Task directions:
From the first line of the data below, repeat each line exactly until you reach the line with "by (auto intro: tendsto_imp_filterlim_at_right)"; include that line too.

Data items:

lemma power_gauss_lattice_sum:
  fixes B n s C :: real
  assumes "B > 1" "s > -1" "C > 0"
  shows "(\<lambda>j::nat. (B powr real j) powr n * (\<Sum>k. power_gauss s C (real (Suc k) / B powr real j))
      - B powr ((n + 1) * real j) * (Gamma ((s + 1) / 2) / (2 * C powr ((s + 1) / 2))))
    \<in> o[at_top](\<lambda>j. B powr ((n + 1) * real j))"
proof -
  define L where "L = Gamma ((s + 1) / 2) / (2 * C powr ((s + 1) / 2))"
  define h where "h j = inverse (B powr real j)" for j :: nat
  have "h = (\<lambda>j. inverse (B ^ j))"
    using assms(1) by (simp add: h_def powr_realpow fun_eq_iff)
  then have "h \<longlonglongrightarrow> 0"
    using LIMSEQ_inverse_realpow_zero[OF assms(1)] by simp
  moreover have "h j > 0" for j
    using assms(1) by (simp add: h_def)
  ultimately have "filterlim h (at_right 0) sequentially"
    by (auto intro: tendsto_imp_filterlim_at_right)
  then have "(\<lambda>j. h j * (\<Sum>k. power_gauss s C (real (Suc k) * h j))) \<longlonglongrightarrow> L"
    using filterlim_compose[OF power_gauss_grid_sum_tendsto[OF assms(2,3)]] by (simp add: L_def)
  then have lim: "(\<lambda>j. h j * (\<Sum>k. power_gauss s C (real (Suc k) * h j)) - L) \<longlonglongrightarrow> 0"
    by (rule LIM_zero)
  have quotient: "((B powr real j) powr n * (\<Sum>k. power_gauss s C (real (Suc k) / B powr real j))
      - B powr ((n + 1) * real j) * L) / B powr ((n + 1) * real j)
      = h j * (\<Sum>k. power_gauss s C (real (Suc k) * h j)) - L" for j
  proof -
    define S where "S = (\<Sum>k. power_gauss s C (real (Suc k) * h j))"
    have "(\<Sum>k. power_gauss s C (real (Suc k) / B powr real j)) = S"
      by (simp add: S_def h_def divide_inverse)
    moreover have "(B powr real j) powr n = B powr (n * real j)"
      by (simp add: powr_powr mult.commute)
    moreover have "B powr ((n + 1) * real j) = B powr (n * real j) * B powr real j"
      by (simp add: powr_add[symmetric] algebra_simps)
    moreover have "B powr (n * real j) > 0" "B powr real j > 0"
      using assms(1) by simp_all
    ultimately show ?thesis
      unfolding S_def[symmetric] h_def by (simp add: field_simps)
  qed
  have "(\<lambda>j. ((B powr real j) powr n * (\<Sum>k. power_gauss s C (real (Suc k) / B powr real j))
      - B powr ((n + 1) * real j) * L) / B powr ((n + 1) * real j)) \<longlonglongrightarrow> 0"
    unfolding quotient by (rule lim)
  then show ?thesis
    unfolding L_def[symmetric] by (rule smalloI_tendsto) (use assms(1) in simp)
qed

section \<open>The lattice sums\<close>

lemma fp_powr:
  assumes "x > 0"
  shows "fp p x powr a = x powr (2 * a * p) * exp (- a * x\<^sup>2)"
proof -
  have "fp p x powr a = (x powr (2 * p)) powr a * exp (- (x\<^sup>2)) powr a"
    unfolding fp_def using assms by (simp add: powr_mult)
  also have "\<dots> = x powr (2 * a * p) * exp (- a * x\<^sup>2)"
    by (simp add: powr_powr exp_powr_real algebra_simps)
  finally show ?thesis .
qed

lemma fp_powr_product:
  assumes "x > 0" "b > 0" "c > 0"
  shows "fp p x powr a1 * fp p (x * c) powr a2 * (x * b) powr n =
    c powr (2 * a2 * p) * b powr n * power_gauss (2 * (a1 + a2) * p + n) (a1 + a2 * c\<^sup>2) x"
proof -
  have "fp p x powr a1 * fp p (x * c) powr a2 * (x * b) powr n =
      c powr (2 * a2 * p) * b powr n * (x powr (2 * a1 * p) * x powr (2 * a2 * p) * x powr n)
        * (exp (- a1 * x\<^sup>2) * exp (- a2 * (x * c)\<^sup>2))"
    using assms by (simp add: fp_powr powr_mult)
  also have "x powr (2 * a1 * p) * x powr (2 * a2 * p) * x powr n = x powr (2 * (a1 + a2) * p + n)"
    by (simp add: powr_add[symmetric] algebra_simps)
  also have "exp (- a1 * x\<^sup>2) * exp (- a2 * (x * c)\<^sup>2) = exp (- (a1 + a2 * c\<^sup>2) * x\<^sup>2)"
    by (simp add: exp_add[symmetric] algebra_simps power_mult_distrib)
  finally show ?thesis
    by (simp add: power_gauss_def)
qed

lemma fp_lattice_summand_eq:
  fixes B p n a1 a2 :: real and dj :: int
  assumes "B > 0"
  shows "fp p (real (Suc k) / B powr real j) powr a1
        * fp p (real (Suc k) / B powr (real j + of_int dj)) powr a2 * real (Suc k) powr n
      = (B powr - of_int dj) powr (2 * a2 * p) * ((B powr real j) powr n
        * power_gauss (2 * (a1 + a2) * p + n) (a1 + a2 * (B powr - of_int dj)\<^sup>2)
            (real (Suc k) / B powr real j))"
proof -
  define x where "x = real (Suc k) / B powr real j"
  have "x > 0" "B powr real j > 0" "B powr - of_int dj > 0"
    using assms by (simp_all add: x_def)
  moreover have "real (Suc k) / B powr (real j + of_int dj) = x * B powr - of_int dj"
    "real (Suc k) = x * B powr real j"
    using assms by (simp_all add: x_def powr_add powr_minus divide_inverse)
  ultimately show ?thesis
    using fp_powr_product[of x "B powr real j" "B powr - of_int dj" p a1 a2 n]
    by (simp add: x_def[symmetric])
qed

lemma tau_divide_eq:
  fixes B n p a1 a2 :: real and dj :: int
  assumes "B > 0" "a1 > 0" "a2 \<ge> 0"
  defines "A \<equiv> (a1 + a2) * p + (n + 1) / 2"
  shows "tau B n p a1 a2 dj / (a1 + a2) powr A =
    (B powr - of_int dj) powr (2 * a2 * p) / (a1 + a2 * (B powr - of_int dj)\<^sup>2) powr A"
proof -
  define u where "u = B powr of_int dj"
  define v where "v = B powr - of_int dj"
  define Q where "Q = a1 * u + a2 * v"
  define E where "E = (a1 - a2) * p + (n + 1) / 2"
  have "u > 0" "v > 0" "u * v = 1"
    using assms(1) by (simp_all add: u_def v_def powr_add[symmetric])
  then have "Q > 0" "a1 + a2 > 0"
    using assms(2,3) by (simp_all add: Q_def add_pos_nonneg)
  have "a1 + a2 * v\<^sup>2 = v * Q"
    using \<open>u * v = 1\<close> by (simp add: Q_def algebra_simps power2_eq_square)
  then have "(a1 + a2 * v\<^sup>2) powr A = v powr A * Q powr A"
    using \<open>v > 0\<close> \<open>Q > 0\<close> by (simp add: powr_mult)
  moreover have "v powr (2 * a2 * p) = B powr (of_int dj * E) * v powr A"
  proof -
    have "B powr (of_int dj * E) * v powr A = B powr (of_int dj * E) * B powr (- of_int dj * A)"
      by (simp add: v_def powr_powr)
    also have "\<dots> = B powr (of_int dj * E + - of_int dj * A)"
      by (simp only: powr_add)
    also have "of_int dj * E + - of_int dj * A = - of_int dj * (2 * a2 * p)"
      by (simp add: E_def A_def field_simps)
    finally show ?thesis
      by (simp add: v_def powr_powr)
  qed
  moreover have "tau B n p a1 a2 dj / (a1 + a2) powr A = B powr (of_int dj * E) / Q powr A"
  proof -
    have "tau B n p a1 a2 dj = (Q / (a1 + a2)) powr (- A) * B powr (of_int dj * E)"
      by (simp add: tau_def Q_def u_def v_def A_def E_def)
    moreover have "(Q / (a1 + a2)) powr (- A) = (a1 + a2) powr A / Q powr A"
      using \<open>Q > 0\<close> \<open>a1 + a2 > 0\<close> by (simp add: powr_minus powr_divide)
    ultimately show ?thesis
      using \<open>a1 + a2 > 0\<close> by simp
  qed
  ultimately show ?thesis
    using \<open>v > 0\<close> \<open>Q > 0\<close> by (simp add: v_def[symmetric])
qed

lemma fp_lattice_sum_asymp:
  fixes B p n a1 a2 :: real and dj :: int
  assumes "B > 1" "a1 > 0" "a2 \<ge> 0" "2 * (a1 + a2) * p + n > -1"
  shows "(\<forall>j::nat. summable (\<lambda>k::nat. fp p (real (Suc k) / B powr real j) powr a1
            * fp p (real (Suc k) / B powr (real j + of_int dj)) powr a2
            * real (Suc k) powr n))
    \<and> (\<lambda>j::nat. (\<Sum>k. fp p (real (Suc k) / B powr real j) powr a1
            * fp p (real (Suc k) / B powr (real j + of_int dj)) powr a2
            * real (Suc k) powr n)
          - B powr ((n + 1) * real j) * tau B n p a1 a2 dj
            / (2 * (a1 + a2) powr ((a1 + a2) * p + (n + 1) / 2))
            * Gamma ((a1 + a2) * p + (n + 1) / 2))
      \<in> o[at_top](\<lambda>j. B powr ((n + 1) * real j))"
proof -
  define c where "c = B powr - of_int dj"
  define C where "C = a1 + a2 * c\<^sup>2"
  define M where "M = c powr (2 * a2 * p)"
  define s where "s = 2 * (a1 + a2) * p + n"
  have "C > 0" "s > -1"
    using assms by (simp_all add: C_def s_def add_pos_nonneg)
  have summand: "fp p (real (Suc k) / B powr real j) powr a1
        * fp p (real (Suc k) / B powr (real j + of_int dj)) powr a2 * real (Suc k) powr n
      = M * ((B powr real j) powr n * power_gauss s C (real (Suc k) / B powr real j))" for j k
    unfolding M_def C_def c_def s_def using assms(1) by (intro fp_lattice_summand_eq) simp
  have summable: "summable (\<lambda>k. power_gauss s C (real (Suc k) / B powr real j))" for j
    using summable_power_gauss_grid[OF \<open>s > -1\<close> \<open>C > 0\<close>, of "inverse (B powr real j)"] assms(1)
    by (simp add: divide_inverse)
  have main_term: "B powr ((n + 1) * real j) * tau B n p a1 a2 dj
        / (2 * (a1 + a2) powr ((a1 + a2) * p + (n + 1) / 2)) * Gamma ((a1 + a2) * p + (n + 1) / 2)
      = M * (B powr ((n + 1) * real j) * (Gamma ((s + 1) / 2) / (2 * C powr ((s + 1) / 2))))" for j
  proof -
    define A where "A = (a1 + a2) * p + (n + 1) / 2"
    have "(s + 1) / 2 = A"
      by (simp add: s_def A_def field_simps)
    moreover have "tau B n p a1 a2 dj / (a1 + a2) powr A = M / C powr A"
      using tau_divide_eq[of B a1 a2 n p dj] assms by (simp add: A_def M_def C_def c_def)
    moreover have "B powr ((n + 1) * real j) * tau B n p a1 a2 dj / (2 * (a1 + a2) powr A) * Gamma A
        = B powr ((n + 1) * real j) * (tau B n p a1 a2 dj / (a1 + a2) powr A) * Gamma A / 2"
      by simp
    ultimately show ?thesis
      unfolding A_def[symmetric] by (simp add: mult_ac)
  qed
  have sum_eq: "(\<Sum>k. fp p (real (Suc k) / B powr real j) powr a1
        * fp p (real (Suc k) / B powr (real j + of_int dj)) powr a2 * real (Suc k) powr n)
      = M * ((B powr real j) powr n * (\<Sum>k. power_gauss s C (real (Suc k) / B powr real j)))" for j
    unfolding summand using suminf_mult[OF summable_mult[OF summable]] suminf_mult[OF summable]
    by simp
  show ?thesis
    unfolding sum_eq main_term right_diff_distrib[symmetric] unfolding summand
    using power_gauss_lattice_sum[OF assms(1) \<open>s > -1\<close> \<open>C > 0\<close>, of n] summable
    by (simp add: summable_mult)
qed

Written reply:
lemma power_gauss_lattice_sum:
  fixes B n s C :: real
  assumes "B > 1" "s > -1" "C > 0"
  shows "(\<lambda>j::nat. (B powr real j) powr n * (\<Sum>k. power_gauss s C (real (Suc k) / B powr real j))
      - B powr ((n + 1) * real j) * (Gamma ((s + 1) / 2) / (2 * C powr ((s + 1) / 2))))
    \<in> o[at_top](\<lambda>j. B powr ((n + 1) * real j))"
proof -
  define L where "L = Gamma ((s + 1) / 2) / (2 * C powr ((s + 1) / 2))"
  define h where "h j = inverse (B powr real j)" for j :: nat
  have "h = (\<lambda>j. inverse (B ^ j))"
    using assms(1) by (simp add: h_def powr_realpow fun_eq_iff)
  then have "h \<longlonglongrightarrow> 0"
    using LIMSEQ_inverse_realpow_zero[OF assms(1)] by simp
  moreover have "h j > 0" for j
    using assms(1) by (simp add: h_def)
  ultimately have "filterlim h (at_right 0) sequentially"
    by (auto intro: tendsto_imp_filterlim_at_right)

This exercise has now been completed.